§ **What is required**
Using the material below, work out how many lines contain the word "imports". Reply with the number and nothing more.

§ **The input**
####################

(* Let $L/K$ be a quadratic extension of local fields and let $\lambda\subseteq\mathbb A=\mathbb M_2(K)$ be a subalgebra isomorphic to $L$, with ring of integers $\mathcal O_\lambda$ and a uniformizer $\boldsymbol\pi_\lambda$ of $\mathcal O_\lambda$. Let $\mathcal B$ be a full order of $\mathbb A$ containing $\mathcal O_\lambda$. Then every full order $\mathcal B'\subseteq\mathcal B$ with $\mathcal O_\lambda\subseteq\mathcal B'$ has the form $\mathcal B'=\mathcal O_\lambda+\boldsymbol\pi_\lambda^r\mathcal B$ for some integer $r\ge0$.
   Context: $K$ is a non-archimedean local field with ring of integers $\mathcal O_K$. An order of $\mathbb A$ is a subring containing the identity which is a finitely generated $\mathcal O_K$-submodule; full if it spans $\mathbb A$ over $K$. A uniformizer of $\mathcal O_\lambda$ is a generator of its maximal ideal. *)

theory Defs
  imports "HOL-Analysis.Analysis"
begin

text \<open>A (normalised) discrete valuation on a field, given by v :: 'a => int;
  the value at 0 is irrelevant (conventionally +infinity) and is never used.\<close>
definition discrete_valuation :: "('a::field \<Rightarrow> int) \<Rightarrow> bool" where
  "discrete_valuation v \<longleftrightarrow>
     (\<forall>x y. x \<noteq> 0 \<longrightarrow> y \<noteq> 0 \<longrightarrow> v (x * y) = v x + v y) \<and>
     (\<forall>x y. x \<noteq> 0 \<longrightarrow> y \<noteq> 0 \<longrightarrow> x + y \<noteq> 0 \<longrightarrow> v (x + y) \<ge> min (v x) (v y)) \<and>
     (\<forall>n. \<exists>x. x \<noteq> 0 \<and> v x = n)"

definition vclose :: "('a::field \<Rightarrow> int) \<Rightarrow> int \<Rightarrow> 'a \<Rightarrow> 'a \<Rightarrow> bool" where
  "vclose v n x y \<longleftrightarrow> x = y \<or> v (x - y) \<ge> n"

definition val_ring :: "('a::field \<Rightarrow> int) \<Rightarrow> 'a set" where
  "val_ring v = {x. x = 0 \<or> v x \<ge> 0}"

text \<open>Non-archimedean local field: complete w.r.t. a discrete valuation, with finite residue field.\<close>
definition nonarch_local_field :: "('a::field \<Rightarrow> int) \<Rightarrow> bool" where
  "nonarch_local_field v \<longleftrightarrow>
     discrete_valuation v \<and>
     (\<forall>s::nat \<Rightarrow> 'a. (\<forall>N. \<exists>M. \<forall>m\<ge>M. \<forall>n\<ge>M. vclose v N (s m) (s n)) \<longrightarrow>
         (\<exists>l. \<forall>N. \<exists>M. \<forall>n\<ge>M. vclose v N (s n) l)) \<and>
     finite ((\<lambda>x. {y \<in> val_ring v. vclose v 1 y x}) ` val_ring v)"

type_synonym 'a mat2 = "'a ^ 2 ^ 2"

definition scal :: "'a::semiring_1 \<Rightarrow> 'a mat2 \<Rightarrow> 'a mat2" where
  "scal c M = (\<chi> i j. c * M $ i $ j)"

fun mpow :: "'a::semiring_1 mat2 \<Rightarrow> nat \<Rightarrow> 'a mat2" where
  "mpow M 0 = mat 1"
| "mpow M (Suc n) = M ** mpow M n"

definition lin_span :: "'a::field set \<Rightarrow> 'a mat2 set \<Rightarrow> 'a mat2 set" where
  "lin_span C S = {\<Sum>g\<in>G. scal (c g) g | G c. finite G \<and> G \<subseteq> S \<and> (\<forall>g\<in>G. c g \<in> C)}"

definition is_order :: "('a::field \<Rightarrow> int) \<Rightarrow> 'a mat2 set \<Rightarrow> bool" where
  "is_order v B \<longleftrightarrow>
     mat 1 \<in> B \<and> 0 \<in> B \<and>
     (\<forall>x\<in>B. \<forall>y\<in>B. x + y \<in> B \<and> x ** y \<in> B) \<and>
     (\<forall>c\<in>val_ring v. \<forall>x\<in>B. scal c x \<in> B) \<and>
     (\<exists>G. finite G \<and> G \<subseteq> B \<and> B = lin_span (val_ring v) G)"

definition full_order :: "('a::field \<Rightarrow> int) \<Rightarrow> 'a mat2 set \<Rightarrow> bool" where
  "full_order v B \<longleftrightarrow> is_order v B \<and> lin_span UNIV B = UNIV"

text \<open>A K-subalgebra of M_2(K) which is a field, of dimension 2 over K (i.e. a quadratic
  extension L of K embedded in M_2(K)).\<close>
definition quadratic_subfield :: "'a::field mat2 set \<Rightarrow> bool" where
  "quadratic_subfield \<Lambda> \<longleftrightarrow>
     (\<exists>\<alpha>. \<alpha> \<notin> range (\<lambda>c. mat c) \<and> \<Lambda> = {mat a + scal b \<alpha> | a b. True}) \<and>
     (\<forall>x\<in>\<Lambda>. \<forall>y\<in>\<Lambda>. x ** y \<in> \<Lambda>) \<and>
     (\<forall>x\<in>\<Lambda>. x \<noteq> 0 \<longrightarrow> (\<exists>y\<in>\<Lambda>. x ** y = mat 1))"

definition ring_of_integers :: "('a::field \<Rightarrow> int) \<Rightarrow> 'a mat2 set \<Rightarrow> 'a mat2 set" where
  "ring_of_integers v \<Lambda> = {x \<in> \<Lambda>. \<exists>n c. (\<forall>i<n. c i \<in> val_ring v) \<and>
       mpow x n + (\<Sum>i<n. scal (c i) (mpow x i)) = 0}"

definition is_ideal :: "'a::field mat2 set \<Rightarrow> 'a mat2 set \<Rightarrow> bool" where
  "is_ideal R I \<longleftrightarrow> I \<subseteq> R \<and> 0 \<in> I \<and> (\<forall>x\<in>I. \<forall>y\<in>I. x + y \<in> I \<and> - x \<in> I) \<and>
       (\<forall>r\<in>R. \<forall>x\<in>I. r ** x \<in> I \<and> x ** r \<in> I)"

definition is_maximal_ideal :: "'a::field mat2 set \<Rightarrow> 'a mat2 set \<Rightarrow> bool" where
  "is_maximal_ideal R I \<longleftrightarrow> is_ideal R I \<and> I \<noteq> R \<and>
       (\<forall>J. is_ideal R J \<and> I \<subseteq> J \<longrightarrow> J = I \<or> J = R)"

definition uniformizer :: "'a::field mat2 set \<Rightarrow> 'a mat2 \<Rightarrow> bool" where
  "uniformizer R \<pi> \<longleftrightarrow> \<pi> \<in> R \<and> is_maximal_ideal R {\<pi> ** x | x. x \<in> R}"

end

theory Submission
  imports Defs
begin

text \<open>On \<open>\<lambda>\<close>, \<open>v \<circ> det\<close> is the valuation of the norm. Hensel's lemma applied to characteristic
  polynomials shows that it is ultrametric, that \<open>\<O>\<^sub>\<lambda>\<close> is where it is nonnegative, and that its
  ideals are the sets \<open>{w \<ge> m}\<close>. Choosing \<open>e \<in> K\<^sup>2\<close> with \<open>e, \<alpha> e\<close> a basis yields a left
  \<open>\<lambda>\<close>-linear map \<open>proj : \<bbbA> \<rightarrow> \<lambda>\<close> with kernel \<open>\<lambda>\<close>. For an order \<open>\<B> \<supseteq> \<O>\<^sub>\<lambda>\<close>, finite generation
  gives \<open>\<B> \<inter> \<lambda> = \<O>\<^sub>\<lambda>\<close> and makes \<open>proj \<B>\<close> a fractional ideal of \<open>\<O>\<^sub>\<lambda>\<close>. For \<open>\<B>' \<subseteq> \<B>\<close> the two
  ideals differ by a power \<open>\<pi>\<^sup>r\<close>, and then \<open>\<B>'\<close> and \<open>\<O>\<^sub>\<lambda> + \<pi>\<^sup>r \<B>\<close>, both containing \<open>\<O>\<^sub>\<lambda>\<close> and
  having the same image under \<open>proj\<close>, coincide.\<close>

definition val_ge :: "('a::field \<Rightarrow> int) \<Rightarrow> int \<Rightarrow> 'a \<Rightarrow> bool" where
  "val_ge v n x \<longleftrightarrow> x = 0 \<or> n \<le> v x"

####################

§ **Task result**
2